I have an aunt who never married, based on her own choice and the direction that her life took. To say she does not have a family is to completely mis-state her present situation. For a long time she lived in Manhattan, and there she had a close circle of friends. Together these people created a family, sharing lives, meals, spending holiday time together. As someone who was not married, she had no children of her own. However, she has nurtured nieces and nephews (including me). She has become a grandmother in her current neighborhood. When nearby neighbors had twins, my aunt was pulled in to help provide an extra set of arms to hold, hands to care for these girls. She is now their beloved “nana”—not a grandmother in flesh, but certainly in spirit and bonding.
In Robert Frost’s poem “The Death of Hired Man” two characters named Warren and Mary, a husband and wife, talk about a hired man who has returned “home” to die. While their conversation revolves in part around a definition of “home” some of what they say makes me think of family:
“Home is the place where, when you have to go there,
They have to take you in.”
“I should have called it
Something you somehow haven’t to deserve.”

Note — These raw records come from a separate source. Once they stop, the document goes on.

lemma crossed_homs_zero: "(\<lambda>g\<in>carrier G. \<lambda>i. 0) \<in> crossed_homs G act"
  by (rule crossed_homsI) (simp_all add: m_closed act_zero)

lemma crossed_homs_add:
  assumes d: "d \<in> crossed_homs G act" and e: "e \<in> crossed_homs G act"
  shows "(\<lambda>g\<in>carrier G. \<lambda>i. d g i + e g i) \<in> crossed_homs G act"
proof (rule crossed_homsI)
  fix \<phi> \<psi> assume \<phi>: "\<phi> \<in> carrier G" and \<psi>: "\<psi> \<in> carrier G"
  show "(\<lambda>g\<in>carrier G. \<lambda>i. d g i + e g i) (\<phi> \<otimes>\<^bsub>G\<^esub> \<psi>) =
    (\<lambda>i. (\<lambda>g\<in>carrier G. \<lambda>i. d g i + e g i) \<phi> i
         + act \<phi> ((\<lambda>g\<in>carrier G. \<lambda>i. d g i + e g i) \<psi>) i)"
    using \<phi> \<psi> m_closed crossed_homsD[OF d \<phi> \<psi>] crossed_homsD[OF e \<phi> \<psi>]
    by (simp add: act_add algebra_simps)
qed simp

lemma crossed_homs_diff:
  assumes d: "d \<in> crossed_homs G act" and e: "e \<in> crossed_homs G act"
  shows "(\<lambda>g\<in>carrier G. \<lambda>i. d g i - e g i) \<in> crossed_homs G act"
proof (rule crossed_homsI)
  fix \<phi> \<psi> assume \<phi>: "\<phi> \<in> carrier G" and \<psi>: "\<psi> \<in> carrier G"
  show "(\<lambda>g\<in>carrier G. \<lambda>i. d g i - e g i) (\<phi> \<otimes>\<^bsub>G\<^esub> \<psi>) =
    (\<lambda>i. (\<lambda>g\<in>carrier G. \<lambda>i. d g i - e g i) \<phi> i
         + act \<phi> ((\<lambda>g\<in>carrier G. \<lambda>i. d g i - e g i) \<psi>) i)"
    using \<phi> \<psi> m_closed crossed_homsD[OF d \<phi> \<psi>] crossed_homsD[OF e \<phi> \<psi>]
    by (simp add: act_diff algebra_simps)
qed simp

lemma group_Z1: "group (Z1 G act)"
proof (rule groupI)
  fix d assume d: "d \<in> carrier (Z1 G act)"
  then have d_ext: "d \<in> extensional (carrier G)"
    by (simp add: Z1_def crossed_homs_extensional)
  show "\<one>\<^bsub>Z1 G act\<^esub> \<otimes>\<^bsub>Z1 G act\<^esub> d = d"
    using d_ext by (auto simp: Z1_def extensional_def fun_eq_iff)
  have "(\<lambda>g\<in>carrier G. \<lambda>i. (\<lambda>g\<in>carrier G. \<lambda>i. 0) g i - d g i) \<in> carrier (Z1 G act)"
    using d crossed_homs_diff[OF crossed_homs_zero] by (simp add: Z1_def)
  moreover have "(\<lambda>g\<in>carrier G. \<lambda>i. (\<lambda>g\<in>carrier G. \<lambda>i. 0) g i - d g i) \<otimes>\<^bsub>Z1 G act\<^esub> d = \<one>\<^bsub>Z1 G act\<^esub>"
    by (simp add: Z1_def cong: restrict_cong)
  ultimately show "\<exists>e\<in>carrier (Z1 G act). e \<otimes>\<^bsub>Z1 G act\<^esub> d = \<one>\<^bsub>Z1 G act\<^esub>"
    by blast
qed (auto simp: Z1_def crossed_homs_add crossed_homs_zero algebra_simps cong: restrict_cong)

Several years ago, I read Sue Monk Kidd’s Secret Life of Bees. This wonderful novel tells the story of Lily Owen, a young white teen struggling with an abusive father. She fixates on her dead mother, and sets off on a quest to unravel a family secret. In the process, she discovers a family—made up of three black sisters, who enfold her in their circle of caring.
While I was reading this novel, I attended the General Assembly of the Presbyterian Church (USA) in Denver, Colorado. During that meeting, a Presbyterian study document on family was presented for our consideration. It was eventually returned to committee because a more conservative minority report did not find the definitions of family included in the document sufficiently Biblical. Perhaps I need not add that I was voting to have the document received.
Family, after all, can exist in many ways. It can exist as the birth families some of us are fortunate enough to experience; it can exist as families created out of a circle of friends and neighbors; it can even exist as strangers who take us in and nurture us in time of need.